Dataset extract section start

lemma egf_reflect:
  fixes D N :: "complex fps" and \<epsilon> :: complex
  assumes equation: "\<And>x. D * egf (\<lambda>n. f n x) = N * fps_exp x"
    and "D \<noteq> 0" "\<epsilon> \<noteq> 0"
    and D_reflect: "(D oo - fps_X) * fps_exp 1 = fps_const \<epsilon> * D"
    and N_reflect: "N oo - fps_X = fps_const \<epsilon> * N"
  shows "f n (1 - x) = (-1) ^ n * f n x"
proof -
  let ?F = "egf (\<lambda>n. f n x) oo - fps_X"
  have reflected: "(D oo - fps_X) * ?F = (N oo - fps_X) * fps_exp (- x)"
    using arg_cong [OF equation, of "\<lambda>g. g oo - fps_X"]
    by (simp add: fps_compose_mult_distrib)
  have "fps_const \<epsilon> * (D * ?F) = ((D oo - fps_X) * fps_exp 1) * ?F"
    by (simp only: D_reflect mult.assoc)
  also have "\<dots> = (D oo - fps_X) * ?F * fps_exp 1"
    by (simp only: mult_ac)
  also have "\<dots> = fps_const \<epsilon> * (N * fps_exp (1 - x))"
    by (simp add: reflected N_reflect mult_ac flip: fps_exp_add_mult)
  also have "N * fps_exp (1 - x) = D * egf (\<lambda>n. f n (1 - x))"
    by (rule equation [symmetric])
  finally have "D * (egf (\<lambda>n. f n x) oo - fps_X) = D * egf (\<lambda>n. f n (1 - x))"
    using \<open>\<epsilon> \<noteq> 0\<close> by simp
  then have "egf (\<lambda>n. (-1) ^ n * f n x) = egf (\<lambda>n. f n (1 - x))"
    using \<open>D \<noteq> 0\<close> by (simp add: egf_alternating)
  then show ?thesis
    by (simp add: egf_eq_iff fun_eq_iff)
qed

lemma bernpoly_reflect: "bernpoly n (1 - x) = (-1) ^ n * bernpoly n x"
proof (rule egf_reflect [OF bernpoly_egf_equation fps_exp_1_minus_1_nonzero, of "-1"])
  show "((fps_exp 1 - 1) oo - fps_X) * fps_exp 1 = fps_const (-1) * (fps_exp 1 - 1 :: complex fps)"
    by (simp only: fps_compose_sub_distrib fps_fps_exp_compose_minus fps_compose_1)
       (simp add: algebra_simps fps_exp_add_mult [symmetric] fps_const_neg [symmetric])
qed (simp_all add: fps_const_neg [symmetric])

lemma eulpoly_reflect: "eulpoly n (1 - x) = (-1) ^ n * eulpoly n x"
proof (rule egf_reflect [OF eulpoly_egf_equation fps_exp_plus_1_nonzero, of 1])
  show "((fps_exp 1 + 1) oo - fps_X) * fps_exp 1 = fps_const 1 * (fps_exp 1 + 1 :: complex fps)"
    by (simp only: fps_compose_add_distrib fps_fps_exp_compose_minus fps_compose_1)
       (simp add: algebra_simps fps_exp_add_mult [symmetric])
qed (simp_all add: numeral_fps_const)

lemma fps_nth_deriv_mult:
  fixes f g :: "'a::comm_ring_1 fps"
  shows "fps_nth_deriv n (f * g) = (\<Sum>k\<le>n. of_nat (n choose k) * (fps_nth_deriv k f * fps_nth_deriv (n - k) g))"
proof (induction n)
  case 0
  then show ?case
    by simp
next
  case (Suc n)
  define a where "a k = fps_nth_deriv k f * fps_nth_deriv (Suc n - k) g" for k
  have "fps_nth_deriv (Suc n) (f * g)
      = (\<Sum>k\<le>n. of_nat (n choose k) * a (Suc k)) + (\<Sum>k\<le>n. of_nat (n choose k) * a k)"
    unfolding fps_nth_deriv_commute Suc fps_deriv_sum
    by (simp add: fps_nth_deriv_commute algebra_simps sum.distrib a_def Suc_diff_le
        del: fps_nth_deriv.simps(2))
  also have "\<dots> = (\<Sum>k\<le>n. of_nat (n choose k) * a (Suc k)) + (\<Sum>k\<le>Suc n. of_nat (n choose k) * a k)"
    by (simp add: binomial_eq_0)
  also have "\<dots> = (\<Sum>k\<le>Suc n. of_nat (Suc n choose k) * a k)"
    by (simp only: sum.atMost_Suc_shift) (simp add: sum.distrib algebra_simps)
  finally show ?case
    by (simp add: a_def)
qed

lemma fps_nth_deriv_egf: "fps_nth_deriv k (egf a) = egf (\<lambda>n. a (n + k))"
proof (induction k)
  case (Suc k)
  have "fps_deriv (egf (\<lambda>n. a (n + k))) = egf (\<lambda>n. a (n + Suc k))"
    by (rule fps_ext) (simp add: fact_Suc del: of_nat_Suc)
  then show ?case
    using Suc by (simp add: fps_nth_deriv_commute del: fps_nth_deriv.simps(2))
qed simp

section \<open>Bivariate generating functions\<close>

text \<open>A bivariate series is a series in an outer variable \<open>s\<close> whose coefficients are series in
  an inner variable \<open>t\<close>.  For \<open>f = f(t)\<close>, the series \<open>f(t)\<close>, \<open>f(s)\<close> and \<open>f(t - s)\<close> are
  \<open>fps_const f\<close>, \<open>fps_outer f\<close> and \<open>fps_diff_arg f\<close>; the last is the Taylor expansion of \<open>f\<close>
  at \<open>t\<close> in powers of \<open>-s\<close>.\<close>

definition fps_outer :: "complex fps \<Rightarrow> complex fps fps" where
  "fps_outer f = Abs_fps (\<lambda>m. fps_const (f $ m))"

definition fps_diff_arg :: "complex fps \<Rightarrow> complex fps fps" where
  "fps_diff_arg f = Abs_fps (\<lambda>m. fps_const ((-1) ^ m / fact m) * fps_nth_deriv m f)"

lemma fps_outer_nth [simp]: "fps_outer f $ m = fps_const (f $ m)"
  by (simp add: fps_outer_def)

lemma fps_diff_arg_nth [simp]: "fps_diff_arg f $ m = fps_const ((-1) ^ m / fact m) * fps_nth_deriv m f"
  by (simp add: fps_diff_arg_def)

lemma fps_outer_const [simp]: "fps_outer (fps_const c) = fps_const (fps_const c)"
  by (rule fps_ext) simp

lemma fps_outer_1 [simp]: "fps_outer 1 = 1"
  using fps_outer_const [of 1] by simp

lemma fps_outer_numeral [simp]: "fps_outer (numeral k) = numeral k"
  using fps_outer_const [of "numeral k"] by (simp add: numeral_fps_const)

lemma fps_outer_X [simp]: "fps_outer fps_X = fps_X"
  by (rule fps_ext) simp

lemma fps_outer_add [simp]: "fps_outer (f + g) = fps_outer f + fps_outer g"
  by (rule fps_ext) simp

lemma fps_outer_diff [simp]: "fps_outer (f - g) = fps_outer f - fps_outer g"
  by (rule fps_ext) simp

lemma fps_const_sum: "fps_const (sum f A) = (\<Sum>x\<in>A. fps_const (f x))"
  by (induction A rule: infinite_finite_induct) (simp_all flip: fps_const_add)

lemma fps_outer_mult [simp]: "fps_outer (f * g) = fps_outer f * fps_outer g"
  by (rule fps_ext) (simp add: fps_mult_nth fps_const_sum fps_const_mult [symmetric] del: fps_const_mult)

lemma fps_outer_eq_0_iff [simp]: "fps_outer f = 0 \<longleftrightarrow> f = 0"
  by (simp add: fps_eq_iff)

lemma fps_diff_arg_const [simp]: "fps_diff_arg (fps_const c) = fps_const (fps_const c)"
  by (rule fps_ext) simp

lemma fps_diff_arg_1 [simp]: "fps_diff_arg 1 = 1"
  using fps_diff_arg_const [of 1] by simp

Dataset extract section end
Dataset extract section start

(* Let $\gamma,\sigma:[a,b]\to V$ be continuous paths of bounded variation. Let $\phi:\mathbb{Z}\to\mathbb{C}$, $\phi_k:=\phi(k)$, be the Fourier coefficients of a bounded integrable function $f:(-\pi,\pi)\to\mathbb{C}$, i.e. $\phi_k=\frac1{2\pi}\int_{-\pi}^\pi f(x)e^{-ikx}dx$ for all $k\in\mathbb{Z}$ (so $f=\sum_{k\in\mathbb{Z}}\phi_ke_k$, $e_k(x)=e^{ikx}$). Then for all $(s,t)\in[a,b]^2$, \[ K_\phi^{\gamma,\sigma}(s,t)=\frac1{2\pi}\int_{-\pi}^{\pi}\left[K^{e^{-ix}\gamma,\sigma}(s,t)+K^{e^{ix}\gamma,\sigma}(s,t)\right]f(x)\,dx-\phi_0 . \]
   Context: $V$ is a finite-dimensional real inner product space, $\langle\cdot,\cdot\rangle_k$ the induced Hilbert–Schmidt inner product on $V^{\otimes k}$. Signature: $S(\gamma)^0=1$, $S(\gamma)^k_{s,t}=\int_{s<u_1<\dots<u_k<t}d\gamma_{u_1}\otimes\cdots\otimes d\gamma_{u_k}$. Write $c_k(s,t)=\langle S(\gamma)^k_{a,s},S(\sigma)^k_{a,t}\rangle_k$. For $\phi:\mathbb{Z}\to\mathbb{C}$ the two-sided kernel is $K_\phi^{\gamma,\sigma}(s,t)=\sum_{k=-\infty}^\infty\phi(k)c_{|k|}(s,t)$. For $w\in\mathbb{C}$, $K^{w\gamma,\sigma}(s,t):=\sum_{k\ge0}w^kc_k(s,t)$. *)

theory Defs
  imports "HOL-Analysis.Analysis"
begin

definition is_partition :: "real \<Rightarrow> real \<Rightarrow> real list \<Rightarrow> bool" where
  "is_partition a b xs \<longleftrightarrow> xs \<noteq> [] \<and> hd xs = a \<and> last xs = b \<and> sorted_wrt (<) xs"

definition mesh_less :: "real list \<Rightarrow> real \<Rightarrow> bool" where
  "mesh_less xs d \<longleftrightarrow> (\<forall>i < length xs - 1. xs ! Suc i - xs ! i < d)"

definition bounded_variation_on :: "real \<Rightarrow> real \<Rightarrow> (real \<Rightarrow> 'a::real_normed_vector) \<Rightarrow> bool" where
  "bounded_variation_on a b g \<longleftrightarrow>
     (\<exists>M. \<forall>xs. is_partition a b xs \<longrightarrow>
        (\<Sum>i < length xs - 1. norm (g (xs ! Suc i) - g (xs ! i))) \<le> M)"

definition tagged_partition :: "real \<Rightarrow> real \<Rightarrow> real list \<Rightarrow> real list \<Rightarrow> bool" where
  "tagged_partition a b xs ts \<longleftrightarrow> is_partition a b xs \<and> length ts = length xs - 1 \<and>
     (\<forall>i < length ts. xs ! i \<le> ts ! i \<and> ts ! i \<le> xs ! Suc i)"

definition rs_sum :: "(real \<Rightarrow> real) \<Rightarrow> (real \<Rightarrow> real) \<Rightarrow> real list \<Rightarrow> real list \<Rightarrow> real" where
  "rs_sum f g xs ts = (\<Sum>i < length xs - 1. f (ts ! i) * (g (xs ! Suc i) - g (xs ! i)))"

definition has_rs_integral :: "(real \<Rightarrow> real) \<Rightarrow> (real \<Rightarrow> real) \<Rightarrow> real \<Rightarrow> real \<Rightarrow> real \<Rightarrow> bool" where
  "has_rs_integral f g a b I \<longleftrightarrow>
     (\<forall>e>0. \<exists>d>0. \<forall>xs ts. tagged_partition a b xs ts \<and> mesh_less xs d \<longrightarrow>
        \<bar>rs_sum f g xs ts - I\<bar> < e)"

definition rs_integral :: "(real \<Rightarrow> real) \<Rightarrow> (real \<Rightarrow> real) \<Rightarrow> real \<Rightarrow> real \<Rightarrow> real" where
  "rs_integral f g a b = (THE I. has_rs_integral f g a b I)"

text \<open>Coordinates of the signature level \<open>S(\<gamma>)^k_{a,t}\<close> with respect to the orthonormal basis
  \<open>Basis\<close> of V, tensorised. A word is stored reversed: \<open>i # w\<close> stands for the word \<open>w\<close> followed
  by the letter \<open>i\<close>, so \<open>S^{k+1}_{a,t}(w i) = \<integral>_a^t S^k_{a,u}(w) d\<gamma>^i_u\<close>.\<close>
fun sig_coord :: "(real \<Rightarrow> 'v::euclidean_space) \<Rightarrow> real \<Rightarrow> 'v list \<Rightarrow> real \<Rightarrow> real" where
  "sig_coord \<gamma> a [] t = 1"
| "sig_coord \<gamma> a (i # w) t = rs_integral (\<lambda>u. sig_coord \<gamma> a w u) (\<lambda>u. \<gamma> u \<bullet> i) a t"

Dataset extract section end

## Exercise objective
In the records above, locate the lines holding the word "reflected". Copy each of them.

## Response to the task
  have reflected: "(D oo - fps_X) * ?F = (N oo - fps_X) * fps_exp (- x)"
    by (simp add: reflected N_reflect mult_ac flip: fps_exp_add_mult)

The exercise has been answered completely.